Biologic Impact of Mechanical Power at High and Low Tidal Volumes in Experimental Mild Acute Respiratory Distress Syndrome

Background: The authors hypothesized that low tidal volume (V T ) would minimize ventilator-induced lung injury regardless of the degree of mechanical power. The authors investigated the impact of power, obtained by different combinations of V T and respiratory rate (RR), on ventilator-induced lung injury in experimental mild acute respiratory distress syndrome (ARDS). Methods: Forty Wistar rats received Escherichia coli lipopolysaccharide intratracheally. After 24 h, 32 rats were randomly assigned to be mechanically ventilated (2 h) with a combination of different V T (6 ml/kg and 11 ml/kg) and RR that resulted in low and high power. Power was calculated as energy (ΔP, L2 /E, L ) × RR (ΔP, L = transpulmonary driving pressure; E, L = lung elastance), and was threefold higher in high than in low power groups. Eight rats were not mechanically ventilated and used for molecular biology analysis. Results: Diffuse alveolar damage score, which represents the severity of edema, atelectasis, and overdistension, was increased in high V T compared to low V T , in both low (low V T : 11 [9 to 14], high V T : 18 [15 to 20]) and high (low V T : 19 [16 to 25], high V T : 29 [27 to 30]) power groups.
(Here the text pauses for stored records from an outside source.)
text \<open>
  Suppose the total degree \<open>D\<close> of \<open>p\<close> exceeds the degrees of all \<open>s\<^sub>j\<close>. Then
  \<open>f (t x) / t ^ D\<close> tends, as \<open>t \<rightarrow> \<infinity>\<close>, to \<open>q x\<close>, where \<open>q\<close> is the homogeneous part of
  degree \<open>D\<close> of \<open>p\<close>. As a pointwise limit of convex functions, \<open>q\<close> is convex. Being a sum
  of non-separable monomials, \<open>q\<close> vanishes on the coordinate axes; writing \<open>x\<close> as the
  average of the points \<open>n x\<^sub>i e\<^sub>i\<close>, Jensen's inequality gives \<open>q x \<le> 0\<close>, and
  \<open>0 = q 0 \<le> (q x + q (-x)) / 2\<close> then forces \<open>q = 0\<close>. A polynomial function that vanishes
  identically has only zero coefficients, contradicting that \<open>p\<close> has a monomial of degree \<open>D\<close>.
\<close>

lemma convex_on_compose_scaleR:
  fixes f :: "'a::real_vector \<Rightarrow> real"
  assumes "convex_on UNIV f"
  shows "convex_on UNIV (\<lambda>x. f (c *\<^sub>R x))"
proof
  fix x y :: 'a and t :: real
  assume "0 < t" "t < 1"
  then show "f (c *\<^sub>R ((1 - t) *\<^sub>R x + t *\<^sub>R y)) \<le> (1 - t) * f (c *\<^sub>R x) + t * f (c *\<^sub>R y)"
    using convex_onD[OF assms, of t "c *\<^sub>R x" "c *\<^sub>R y"] by (simp add: scaleR_add_right mult.commute)
qed simp

lemma convex_on_tendsto:
  fixes h :: "'b \<Rightarrow> 'a::real_vector \<Rightarrow> real"
  assumes "F \<noteq> bot" and "convex S" and "eventually (\<lambda>n. convex_on S (h n)) F"
    and "\<And>x. x \<in> S \<Longrightarrow> ((\<lambda>n. h n x) \<longlongrightarrow> g x) F"
  shows "convex_on S g"
proof (rule convex_onI[OF _ assms(2)])
  fix t :: real and x y
  assume t: "0 < t" "t < 1" and xy: "x \<in> S" "y \<in> S"
  then have "(1 - t) *\<^sub>R x + t *\<^sub>R y \<in> S"
    using assms(2) by (simp add: convexD)
  then have lhs: "((\<lambda>n. h n ((1 - t) *\<^sub>R x + t *\<^sub>R y)) \<longlongrightarrow> g ((1 - t) *\<^sub>R x + t *\<^sub>R y)) F"
    by (rule assms(4))
  have rhs: "((\<lambda>n. (1 - t) * h n x + t * h n y) \<longlongrightarrow> (1 - t) * g x + t * g y) F"
    using xy by (intro tendsto_add tendsto_mult_left assms(4))
  have "eventually (\<lambda>n. h n ((1 - t) *\<^sub>R x + t *\<^sub>R y) \<le> (1 - t) * h n x + t * h n y) F"
    using assms(3) by eventually_elim (use t xy in \<open>simp add: convex_onD\<close>)
  then show "g ((1 - t) *\<^sub>R x + t *\<^sub>R y) \<le> (1 - t) * g x + t * g y"
    by (rule tendsto_le[OF assms(1) rhs lhs])
qed

lemma convex_on_nonpos_if_zero_on_axes:
  fixes g :: "'a::euclidean_space \<Rightarrow> real"
  assumes "convex_on UNIV g" and "\<And>b a. b \<in> Basis \<Longrightarrow> g (a *\<^sub>R b) = 0"
  shows "g x \<le> 0"
proof -
  define N where "N = real DIM('a)"
  have "g x = g (\<Sum>b\<in>Basis. (1 / N) *\<^sub>R ((N * (x \<bullet> b)) *\<^sub>R b))"
    by (simp add: N_def euclidean_representation)
  also have "\<dots> \<le> (\<Sum>b\<in>Basis. (1 / N) * g ((N * (x \<bullet> b)) *\<^sub>R b))"
    using assms(1) by (intro convex_on_sum) (auto simp: N_def)
  also have "\<dots> = 0"
    using assms(2) by simp
  finally show ?thesis .
qed

lemma convex_on_eq_0_if_zero_on_axes:
  fixes g :: "'a::euclidean_space \<Rightarrow> real"
  assumes "convex_on UNIV g" and "\<And>b a. b \<in> Basis \<Longrightarrow> g (a *\<^sub>R b) = 0"
  shows "g x = 0"
proof -
  obtain b :: 'a where "b \<in> Basis"
    using nonempty_Basis by blast
  then have "g 0 = 0"
    using assms(2)[of b 0] by simp
  moreover have "g 0 \<le> (1 / 2) * g x + (1 / 2) * g (- x)"
    using convex_onD[OF assms(1), of "1 / 2" x "- x"] by simp
  ultimately show ?thesis
    using convex_on_nonpos_if_zero_on_axes[OF assms, of x]
      convex_on_nonpos_if_zero_on_axes[OF assms, of "- x"] by simp
qed

lemma digits_sum_less:
  fixes a :: "nat \<Rightarrow> nat"
  assumes "\<forall>j<n. a j < B"
  shows "(\<Sum>j<n. a j * B ^ j) < B ^ n"
  using assms
proof (induction n)
  case 0
  then show ?case by simp
next
  case (Suc n)
  have "(\<Sum>j<Suc n. a j * B ^ j) = (\<Sum>j<n. a j * B ^ j) + a n * B ^ n" by simp
  also have "\<dots> < B ^ n + a n * B ^ n" using Suc by simp
  also have "\<dots> = (a n + 1) * B ^ n" by simp
  also have "\<dots> \<le> B * B ^ n" using Suc.prems by (intro mult_right_mono) auto
  finally show ?case by simp
qed

lemma digits_unique:
  fixes a b :: "nat \<Rightarrow> nat"
  assumes "\<forall>j<n. a j < B" "\<forall>j<n. b j < B"
    and "(\<Sum>j<n. a j * B ^ j) = (\<Sum>j<n. b j * B ^ j)"
  shows "\<forall>j<n. a j = b j"
  using assms
proof (induction n)
  case 0
  then show ?case by simp
next
  case (Suc n)
  have less_a: "(\<Sum>j<n. a j * B ^ j) < B ^ n" and less_b: "(\<Sum>j<n. b j * B ^ j) < B ^ n"
    using Suc.prems by (auto intro!: digits_sum_less)
  then have "B ^ n > 0" by linarith
  have eq: "(\<Sum>j<n. a j * B ^ j) + a n * B ^ n = (\<Sum>j<n. b j * B ^ j) + b n * B ^ n"
    using Suc.prems(3) by simp
  have "a n = ((\<Sum>j<n. a j * B ^ j) + a n * B ^ n) div B ^ n"
    using less_a \<open>B ^ n > 0\<close> by simp
  also have "\<dots> = b n"
    unfolding eq using less_b \<open>B ^ n > 0\<close> by simp
  finally have "a n = b n" .
  with eq have "\<forall>j<n. a j = b j"
    using Suc.prems by (intro Suc.IH) auto
  with \<open>a n = b n\<close> show ?case using less_Suc_eq by auto
qed

lemma inj_on_kronecker_exponent:
  fixes g :: "'n::finite \<Rightarrow> nat" and B :: nat
  assumes "bij_betw g UNIV {..<CARD('n)}"
  shows "inj_on (\<lambda>\<beta>. \<Sum>i\<in>UNIV. \<beta> i * B ^ g i) {\<beta>. \<forall>i. \<beta> i < B}"
proof
  define h where "h = inv_into UNIV g"
  have h: "bij_betw h {..<CARD('n)} UNIV"
    unfolding h_def using assms by (rule bij_betw_inv_into)
  have digits: "(\<Sum>i\<in>UNIV. \<beta> i * B ^ g i) = (\<Sum>j<CARD('n). \<beta> (h j) * B ^ j)" for \<beta> :: "'n \<Rightarrow> nat"
    unfolding sum.reindex_bij_betw[OF h, symmetric] h_def
    using assms by (intro sum.cong) (auto simp: bij_betw_def f_inv_into_f)
  fix \<beta> \<gamma> :: "'n \<Rightarrow> nat"
  assume "\<beta> \<in> {\<beta>. \<forall>i. \<beta> i < B}" "\<gamma> \<in> {\<beta>. \<forall>i. \<beta> i < B}"
    and "(\<Sum>i\<in>UNIV. \<beta> i * B ^ g i) = (\<Sum>i\<in>UNIV. \<gamma> i * B ^ g i)"
  then have eq: "\<forall>j<CARD('n). \<beta> (h j) = \<gamma> (h j)"
    by (intro digits_unique[where B = B]) (auto simp: digits)
  show "\<beta> = \<gamma>"
  proof
    fix i
    have "g i < CARD('n)" "h (g i) = i"
      using assms by (auto simp: h_def bij_betw_def)
    with eq show "\<beta> i = \<gamma> i" by metis
  qed
qed

lemma power_sums_eq_0_imp_coeffs_eq_0:
  fixes c :: "'a \<Rightarrow> real"
  assumes "finite A" "inj_on e A" "\<And>T. (\<Sum>\<beta>\<in>A. c \<beta> * T ^ e \<beta>) = 0" "\<beta> \<in> A"
  shows "c \<beta> = 0"
proof -
  define K where "K = Max (e ` A)"
  define d where "d k = (if k \<in> e ` A then c (the_inv_into A e k) else 0)" for k
  have "(\<Sum>k\<le>K. d k * T ^ k) = 0" for T
  proof -
    have "(\<Sum>k\<le>K. d k * T ^ k) = (\<Sum>k\<in>e ` A. d k * T ^ k)"
      using assms(1) by (intro sum.mono_neutral_right) (auto simp: K_def d_def)
    also have "\<dots> = (\<Sum>\<beta>\<in>A. c \<beta> * T ^ e \<beta>)"
      using assms(2) by (simp add: sum.reindex d_def the_inv_into_f_f)
    finally show ?thesis using assms(3) by simp
  qed
  then have "d (e \<beta>) = 0"
    using polyfun_eq_0[of d K] assms(1,4) by (simp add: K_def)
  then show ?thesis
    using assms(2,4) by (simp add: d_def the_inv_into_f_f)
qed

lemma mono_eval_kronecker:
  "mono_eval \<beta> (\<chi> i. T ^ (B ^ g i)) = T ^ (\<Sum>i\<in>UNIV. \<beta> i * B ^ g i)"
  unfolding mono_eval_def power_sum
  by (intro prod.cong refl) (simp add: power_mult[symmetric] mult.commute)

lemma mpoly_eval_eq_0_imp_coeff_eq_0:
  fixes c :: "('n::finite \<Rightarrow> nat) \<Rightarrow> real"
  assumes fin: "finite {\<alpha>. c \<alpha> \<noteq> 0}" and zero: "\<And>x. mpoly_eval c x = 0"
  shows "c \<alpha> = 0"
proof (rule ccontr)
  assume "c \<alpha> \<noteq> 0"
  define A where "A = {\<alpha>. c \<alpha> \<noteq> 0}"
  define B where "B = Suc (Max (insert 0 ((\<lambda>\<beta>. sum \<beta> UNIV) ` A)))"
  obtain g :: "'n \<Rightarrow> nat" where g: "bij_betw g UNIV {..<CARD('n)}"
    using to_nat_on_finite[of "UNIV :: 'n set"] by auto
  \<comment> \<open>Kronecker substitution: \<open>x\<^sub>i = T ^ B ^ g i\<close> sends the monomials of \<open>c\<close>,
    whose exponents are all below \<open>B\<close>, to pairwise distinct powers of \<open>T\<close>.\<close>
  define e where "e \<beta> = (\<Sum>i\<in>UNIV. \<beta> i * B ^ g i)" for \<beta> :: "'n \<Rightarrow> nat"
  have "\<beta> i < B" if "\<beta> \<in> A" for \<beta> i
  proof -
    have "\<beta> i \<le> sum \<beta> UNIV" by (rule member_le_sum) auto
    also have "\<dots> \<le> Max (insert 0 ((\<lambda>\<beta>. sum \<beta> UNIV) ` A))"
      using fin that by (intro Max_ge) (auto simp: A_def)
    finally show ?thesis unfolding B_def by simp
  qed
  then have "A \<subseteq> {\<beta>. \<forall>i. \<beta> i < B}" by blast
  then have inj: "inj_on e A"
    unfolding e_def by (rule inj_on_subset[OF inj_on_kronecker_exponent[OF g]])
  have sums: "(\<Sum>\<beta>\<in>A. c \<beta> * T ^ e \<beta>) = 0" for T
  proof -
    have "(\<Sum>\<beta>\<in>A. c \<beta> * T ^ e \<beta>) = mpoly_eval c (\<chi> i. T ^ (B ^ g i))"
      unfolding mpoly_eval_def mono_eval_kronecker A_def e_def ..
    then show ?thesis using zero by simp
  qed
  have "finite A" "\<alpha> \<in> A"
    using fin \<open>c \<alpha> \<noteq> 0\<close> by (simp_all add: A_def)
  then have "c \<alpha> = 0"
    by (rule power_sums_eq_0_imp_coeffs_eq_0[OF _ inj sums])
  with \<open>c \<alpha> \<noteq> 0\<close> show False by simp
qed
At high V T , interleukin-6 and amphiregulin expressions were higher in high-power than in low-power groups. At high power, amphiregulin and club cell protein 16 expressions were higher in high V T than in low V T . Mechanical energy and power correlated well with diffuse alveolar damage score and interleukin-6, amphiregulin, and club cell protein 16 expression. Conclusions: In experimental mild ARDS, even at low V T , high mechanical power promoted ventilator-induced lung injury. To minimize ventilator-induced lung injury, low V T should be combined with low power.